У нас такой нет. У нас ни одна газета не напечатает меня, если я потребую сбросить на ваш университет атомную бомбу. У нас нет свободы не уважать читателей. Понимаете, Холмер?
Поэтому те, кто выступает у нас в газетах, соответствующим образом воспитаны. В том числе и я. Я не могу терпеть, чтобы печаталась какая-то чепуха о серьезном научном исследовании, пока еще не собраны все материалы.

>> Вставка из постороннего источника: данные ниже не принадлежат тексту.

definition encode :: "nat \<Rightarrow> (nat \<Rightarrow> nat) \<Rightarrow> (nat \<Rightarrow> nat) \<Rightarrow> nat \<Rightarrow> nat" where
  "encode k v z = (\<lambda>j. (z j + mask k v j) mod 2)"

definition syndrome :: "(nat \<Rightarrow> nat) \<Rightarrow> nat \<Rightarrow> nat" where
  "syndrome a = (\<lambda>i. if i < L then (\<Sum>j\<in>X i. a j) mod 2 else 0)"

definition kernel :: "(nat \<Rightarrow> nat) set" where
  "kernel = {z \<in> bin_vecs m. syndrome z = (\<lambda>_. 0)}"

definition slots :: "nat \<Rightarrow> nat list" where
  "slots n = filter (\<lambda>j. server j = n) [0..<m]"

definition answer :: "nat \<Rightarrow> nat \<Rightarrow> (nat \<Rightarrow> nat \<Rightarrow> nat) \<Rightarrow> nat \<Rightarrow> nat list" where
  "answer n k w c = map (encode k (w k) (vec_decode c)) (slots n)"

definition load :: "nat \<Rightarrow> nat" where
  "load n = length (slots n)"

definition noise :: "nat pmf" where
  "noise = pmf_of_set (vec_encode m ` kernel)"

definition answer_lists :: "(nat \<Rightarrow> nat) \<Rightarrow> nat list list" where
  "answer_lists a = map (\<lambda>n. map a (slots n)) [1..<N+1]"

lemma finite_kernel [simp]: "finite kernel"
  by (simp add: kernel_def)

lemma kernel_nonempty [simp]: "kernel \<noteq> {}"
proof -
  have "(\<lambda>_. 0) \<in> kernel" by (auto simp: kernel_def bin_vecs_iff syndrome_def fun_eq_iff)
  then show ?thesis by blast
qed

lemma mask_parity:
  assumes k: "k \<in> {1..K}" and i: "i < L"
  shows "(\<Sum>j\<in>X i. mask k v j) mod 2 = v i mod 2"
proof -
  have fin: "finite (X i)" using checks_subset[OF i] finite_subset by blast
  have "(\<Sum>j\<in>X i. mask k v j) mod 2 = (\<Sum>j\<in>X i. \<Sum>i'<L. v i' * of_bool (j \<in> U k i')) mod 2"
    unfolding mask_def by (rule mod_sum_eq)
  also have "(\<Sum>j\<in>X i. \<Sum>i'<L. v i' * of_bool (j \<in> U k i')) = (\<Sum>i'<L. \<Sum>j\<in>X i. v i' * of_bool (j \<in> U k i'))"
    by (rule sum.swap)
  also have "\<dots> = (\<Sum>i'<L. v i' * card (U k i' \<inter> X i))"
    using fin by (simp add: Int_commute mult.commute)
  also have "(\<Sum>i'<L. v i' * card (U k i' \<inter> X i)) mod 2 = (\<Sum>i'<L. v i' * card (U k i' \<inter> X i) mod 2) mod 2"
    by (rule mod_sum_eq[symmetric])
  also have "\<dots> = (\<Sum>i'<L. v i' * of_bool (i' = i) mod 2) mod 2"
  proof -
    have termwise: "v i' * card (U k i' \<inter> X i) mod 2 = v i' * of_bool (i' = i) mod 2"
      if "i' \<in> {..<L}" for i'
    proof -
      have "card (U k i' \<inter> X i) mod 2 = of_bool (i' = i)"
        using checks_columns[OF k i] that by (simp flip: of_bool_odd_eq_mod_2)
      then show ?thesis by (metis mod_mult_right_eq)
    qed
    have "(\<Sum>i'<L. v i' * card (U k i' \<inter> X i) mod 2) = (\<Sum>i'<L. v i' * of_bool (i' = i) mod 2)"
      by (rule sum.cong[OF refl termwise])
    then show ?thesis by (rule arg_cong)
  qed
  also have "\<dots> = (\<Sum>i'<L. v i' * of_bool (i' = i)) mod 2"
    by (rule mod_sum_eq)
  also have "\<dots> = v i mod 2"
    using i by simp
  finally show ?thesis .
qed

lemma syndrome_encode:
  assumes k: "k \<in> {1..K}" and v: "v \<in> bin_vecs L"
  shows "syndrome (encode k v z) = (\<lambda>i. (syndrome z i + v i) mod 2)"
proof
  fix i
  show "syndrome (encode k v z) i = (syndrome z i + v i) mod 2"
  proof (cases "i < L")
    case True
    have "(\<Sum>j\<in>X i. encode k v z j) mod 2 = (\<Sum>j\<in>X i. z j + mask k v j) mod 2"
      unfolding encode_def by (rule mod_sum_eq)
    also have "\<dots> = ((\<Sum>j\<in>X i. z j) + (\<Sum>j\<in>X i. mask k v j) mod 2) mod 2"
      by (simp add: sum.distrib mod_add_right_eq)
    also have "\<dots> = (syndrome z i + v i) mod 2"
      using True v by (simp add: mask_parity[OF k] syndrome_def bin_vecs_iff mod_add_left_eq)
    finally show ?thesis using True by (simp add: syndrome_def)
  next
    case False
    with v show ?thesis by (simp add: syndrome_def bin_vecs_iff)
  qed
qed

Вы говорите — пусть газеты печатают, что хотят, они несут за это ответственность, а не мы. Неверно! Ответственность лежит на человеке не только тогда, когда он что-то утверждает, но и тогда, когда он молчит, если при нем утверждают то, с чем он не согласен.
Шмелев помолчал.
— Так вы не возражаете, если я составлю коммюнике и дам его на подпись вам? Не скрою, с Левером я в принципе текст уже согласовал,
— Значит, вы считаете, что у нас свободы печати нет? — спросил Холмер.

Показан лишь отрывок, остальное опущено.